Just tried mine. Very dark so opened the grind up. First attempt I could not remove the cup which got tangled in the of spout, so I took 30 gms from 17 over 30 seconds with 8 seconds pre infusion. As espresso, liquorice flavour but much nicer with an ounce or so of milk. Will have another and report back, but I have certainly had worse


----------



## Drewster (Dec 1, 2013)

hotmetal said:


> I and I will be interested to know how you find them.
> 
> Oh, and if you should find yo'sel ina de Babylon and ting, give my regards to Marcus Kahve. (Sorry, couldn't resist!)
> 
> To be honest I'm just relieved that this thread didn't turn out to be all about how to do domestic chores in a butch stylee. Which was what I will admit to thinking when I saw the title!


Sey mi gi ya 'eart attack! I don't mind your Althea and Donna 'omage but....

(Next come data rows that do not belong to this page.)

lemma orbit_neg_multiple:
  assumes "coprime m n" and "j \<le> i" and "i < n"
  shows "orbit m n (neg_multiple m n i) (neg_multiple m n j) = neg_multiple m n ` {j..i}"
proof -
  let ?c = "neg_multiple m n"
  have n: "0 < n" using assms(3) by simp
  have least: "(LEAST K. (?c i + K * m) mod n = ?c j) = i - j"
  proof (rule Least_equality)
    show "(?c i + (i - j) * m) mod n = ?c j"
      using assms(2) by (simp add: neg_multiple_add_mult[OF n])
  next
    fix K assume K: "(?c i + K * m) mod n = ?c j"
    show "i - j \<le> K"
    proof (rule ccontr)
      assume "\<not> i - j \<le> K"
      then have "?c (i - K) = ?c j" "i - K \<noteq> j"
        using K neg_multiple_add_mult[OF n, of K i m] by auto
      then show False
        using inj_onD[OF inj_on_neg_multiple[OF assms(1)]] assms by auto
    qed
  qed
  have shift: "(\<lambda>K. i - K) ` {..i - j} = {j..i}"
  proof
    show "{j..i} \<subseteq> (\<lambda>K. i - K) ` {..i - j}"
    proof
      fix x assume "x \<in> {j..i}"
      then show "x \<in> (\<lambda>K. i - K) ` {..i - j}"
        by (intro image_eqI[where x = "i - x"]) auto
    qed
  qed (use assms(2) in auto)
  have "{(?c i + K * m) mod n | K. K \<le> i - j} = (\<lambda>K. (?c i + K * m) mod n) ` {..i - j}"
    by auto
  also have "\<dots> = (\<lambda>K. ?c (i - K)) ` {..i - j}"
    using assms(2) by (intro image_cong) (auto simp: neg_multiple_add_mult[OF n])
  also have "\<dots> = ?c ` {j..i}"
    by (simp flip: shift add: image_image)
  finally show ?thesis unfolding orbit_def least Let_def .
qed

lemma admissible_neg_multiple_iff:
  assumes "coprime m n" and "i < n"
  shows "admissible m n (neg_multiple m n i) \<longleftrightarrow>
    neg_multiple m n i < m \<and>
    (\<forall>j\<le>i. \<not> (neg_multiple m n i < neg_multiple m n j \<and> neg_multiple m n j < m))"
proof -
  have "orbit m n (neg_multiple m n i) 0 = neg_multiple m n ` {0..i}"
    using orbit_neg_multiple[OF assms(1) _ assms(2), of 0] by simp
  moreover have "{k + 1..<m} \<inter> f ` {0..i} = {} \<longleftrightarrow> (\<forall>j\<le>i. \<not> (k < f j \<and> f j < m))"
    for k and f :: "nat \<Rightarrow> nat"
    by (fastforce simp: disjoint_iff Suc_le_eq)
  ultimately show ?thesis
    unfolding admissible_def by presburger
qed

lemma psi_eq_card_lessThan_diff_Rset:
  assumes "x \<notin> Rset m n"
  shows "psi m n x = card ({..<x} - Rset m n)"
proof -
  have "Rset m n \<inter> {0..x} = {..<x} \<inter> Rset m n"
    using assms by (auto simp: le_less)
  moreover have "card ({..<x} \<inter> Rset m n) + card ({..<x} - Rset m n) = x"
    using card_Int_Diff[of "{..<x}" "Rset m n"] by simp
  ultimately show ?thesis by (simp add: psi_def)
qed

locale farey_neighbours =
  fixes m n u v :: nat
  assumes det: "m * v = u * n + 1" and u_less_v: "u < v" and v_less_n: "v < n"
begin

abbreviation c :: "nat \<Rightarrow> nat" where "c \<equiv> neg_multiple m n"
abbreviation d :: "nat \<Rightarrow> nat" where "d \<equiv> neg_multiple u v"

lemma v_pos: "0 < v" and n_pos: "0 < n"
  using u_less_v v_less_n by auto

lemma coprime_m_n: "coprime m n"
  by (metis det coprime_add_one_right coprime_commute coprime_mult_right_iff)

lemma coprime_u_v: "coprime u v"
  by (metis det coprime_commute coprime_mult_right_iff coprime_add_one_left)

lemma m_less_n: "m < n"
proof -
  have "m * v < u * n + n"
    using det v_less_n u_less_v by simp
  also have "\<dots> \<le> n * v"
  proof -
    have "(u + 1) * n \<le> v * n" using u_less_v by (intro mult_le_mono1) simp
    then show ?thesis by (simp add: algebra_simps)
  qed
  finally show ?thesis by simp
qed
lemma cycle_of_list_cyclically_near:
  assumes "distinct xs" "3 \<le> length xs" "cyclically near xs"
  shows "\<exists>b a. b < a \<and> set xs = {b..a} \<and>
           (cycle_of_list xs = sigmaX b a \<or> cycle_of_list xs = inv (sigmaX b a))"
proof -
  define b where "b = Min (set xs)"
  have "xs \<noteq> []"
    using assms(2) by auto
  then have "b \<in> set xs"
    unfolding b_def by simp
  then obtain j where "j < length xs" "xs ! j = b"
    by (auto simp: in_set_conv_nth)
  then have "hd (rotate j xs) = b"
    by (simp add: hd_rotate_conv_nth \<open>xs \<noteq> []\<close>)
  moreover have "rotate j xs \<noteq> []"
    using \<open>xs \<noteq> []\<close> by simp
  ultimately obtain ys where rot: "rotate j xs = b # ys"
    by (metis list.collapse)
  have "distinct (b # ys)" "set (b # ys) = set xs" "length (b # ys) = length xs"
    using assms(1) by (simp_all flip: rot)
  moreover have "cyclically near (b # ys)"
    using cyclically_rotate[OF assms(3), of j] by (simp only: rot)
  moreover have "\<forall>y\<in>set ys. b < y"
  proof
    fix y
    assume "y \<in> set ys"
    moreover have "y \<in> set xs"
      using \<open>y \<in> set ys\<close> \<open>set (b # ys) = set xs\<close> by auto
    ultimately have "b \<le> y" "y \<noteq> b"
      using \<open>distinct (b # ys)\<close> by (auto simp: b_def)
    then show "b < y"
      by simp
  qed
  ultimately obtain a where "Suc b < a"
    and ys: "ys = sigmaX_list (Suc b) a \<or> ys = rev (sigmaX_list (Suc b) a)"
    using cyclically_near_Cons_min_cases[of b ys] assms(2) by auto
  then have "b < a" by simp
  have "cycle_of_list xs = cycle_of_list (b # ys)"
    using cycle_of_list_rotate[OF assms(1)] by (simp flip: rot)
  moreover have "set ys = {Suc b..a}"
    using ys by (metis set_rev set_sigmaX_list)
  then have "set xs = {b..a}"
    using \<open>set (b # ys) = set xs\<close> \<open>b < a\<close> by (simp add: atLeastAtMost_insertL)
  moreover have "sigmaX b a = cycle_of_list (b # rev (sigmaX_list (Suc b) a))"
    by (simp add: sigmaX_def sigmaX_list_less[OF \<open>b < a\<close>])
  ultimately show ?thesis
    using ys inv_sigmaX[OF \<open>b < a\<close>] \<open>b < a\<close> by auto
qed

lemma cycle_of_list_pair_near:
  assumes "x \<noteq> y" "near x y" "\<bar>int x - int y\<bar> \<noteq> 2"
  shows "\<exists>b. set [x, y] = {b..Suc b} \<and> cycle_of_list [x, y] = sigmaX b (Suc b)"
proof -
  have "y = Suc x \<or> x = Suc y"
    using assms unfolding near_def by arith
  then obtain b where "(x = b \<and> y = Suc b) \<or> (x = Suc b \<and> y = b)"
    by blast
  then have "set [x, y] = {b..Suc b} \<and> cycle_of_list [x, y] = sigmaX b (Suc b)"
    by (auto simp: sigmaX_Suc transpose_commute)
  then show ?thesis ..
qed

theorem proposition5p2:
  fixes n :: nat and \<sigma> :: "nat \<Rightarrow> nat" and xs :: "nat list"
  assumes "\<sigma> permutes {1..n}"
    and "xs \<noteq> []" and "distinct xs" and "set xs \<subseteq> {1..n}"
    and "\<sigma> = cycle_of_list xs"
    and "\<forall>x\<in>{1..n}. \<bar>int (\<sigma> x) - int x\<bar> \<le> 2"
  shows "(\<exists>b a. b \<le> a \<and> set xs = {b..a} \<and> (\<sigma> = sigmaX b a \<or> \<sigma> = inv (sigmaX b a)))
         \<or> (length xs = 2 \<and> \<bar>int (xs ! 0) - int (xs ! 1)\<bar> = 2)"
proof -
  have "near x (\<sigma> x)" if "x \<in> set xs" for x
  proof -
    have "\<bar>int (\<sigma> x) - int x\<bar> \<le> 2"
      using assms(4,6) that by blast
    then show ?thesis
      unfolding near_def by linarith
  qed
  then have near_xs: "cyclically near xs"
    using assms(2,3,5) by (intro cyclically_cycle_of_list) simp_all
  consider (single) x where "xs = [x]" | (pair) x y where "xs = [x, y]" | (long) "3 \<le> length xs"
    using assms(2) by (cases xs rule: remdups_adj.cases) (auto simp: Suc_le_eq)
  then show ?thesis
  proof cases
    case single
    then have "\<sigma> = sigmaX x x"
      using assms(5) by (simp add: sigmaX_def sigmaX_list_same)
    with single show ?thesis
      by (intro disjI1 exI[of _ x]) auto
  next
    case pair
    then show ?thesis
    proof (cases "\<bar>int x - int y\<bar> = 2")
      case False
      moreover have "x \<noteq> y" "near x y"
        using assms(3) near_xs pair by (simp_all add: cyclically_def)
      ultimately show ?thesis
        using cycle_of_list_pair_near[of x y] pair assms(5) by (metis le_SucI order_refl)
    qed simp
  next
    case long
    then show ?thesis
      using cycle_of_list_cyclically_near[OF assms(3) long near_xs] assms(5) by auto
  qed
qed

end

Don ya dis Tuff Gong!! Iron Like a Lion In Zion was his "last" big hit - mainly cos it was only released about 10 years after he died.


----------



## aaronb (Nov 16, 2012)

Catch a Fire #1 album


----------



## Milanski (Oct 10, 2013)

Coarser grind, 30g from 18g in 28secs - weirdly less stale tasting and I think I got a hint of dark berry in there.


----------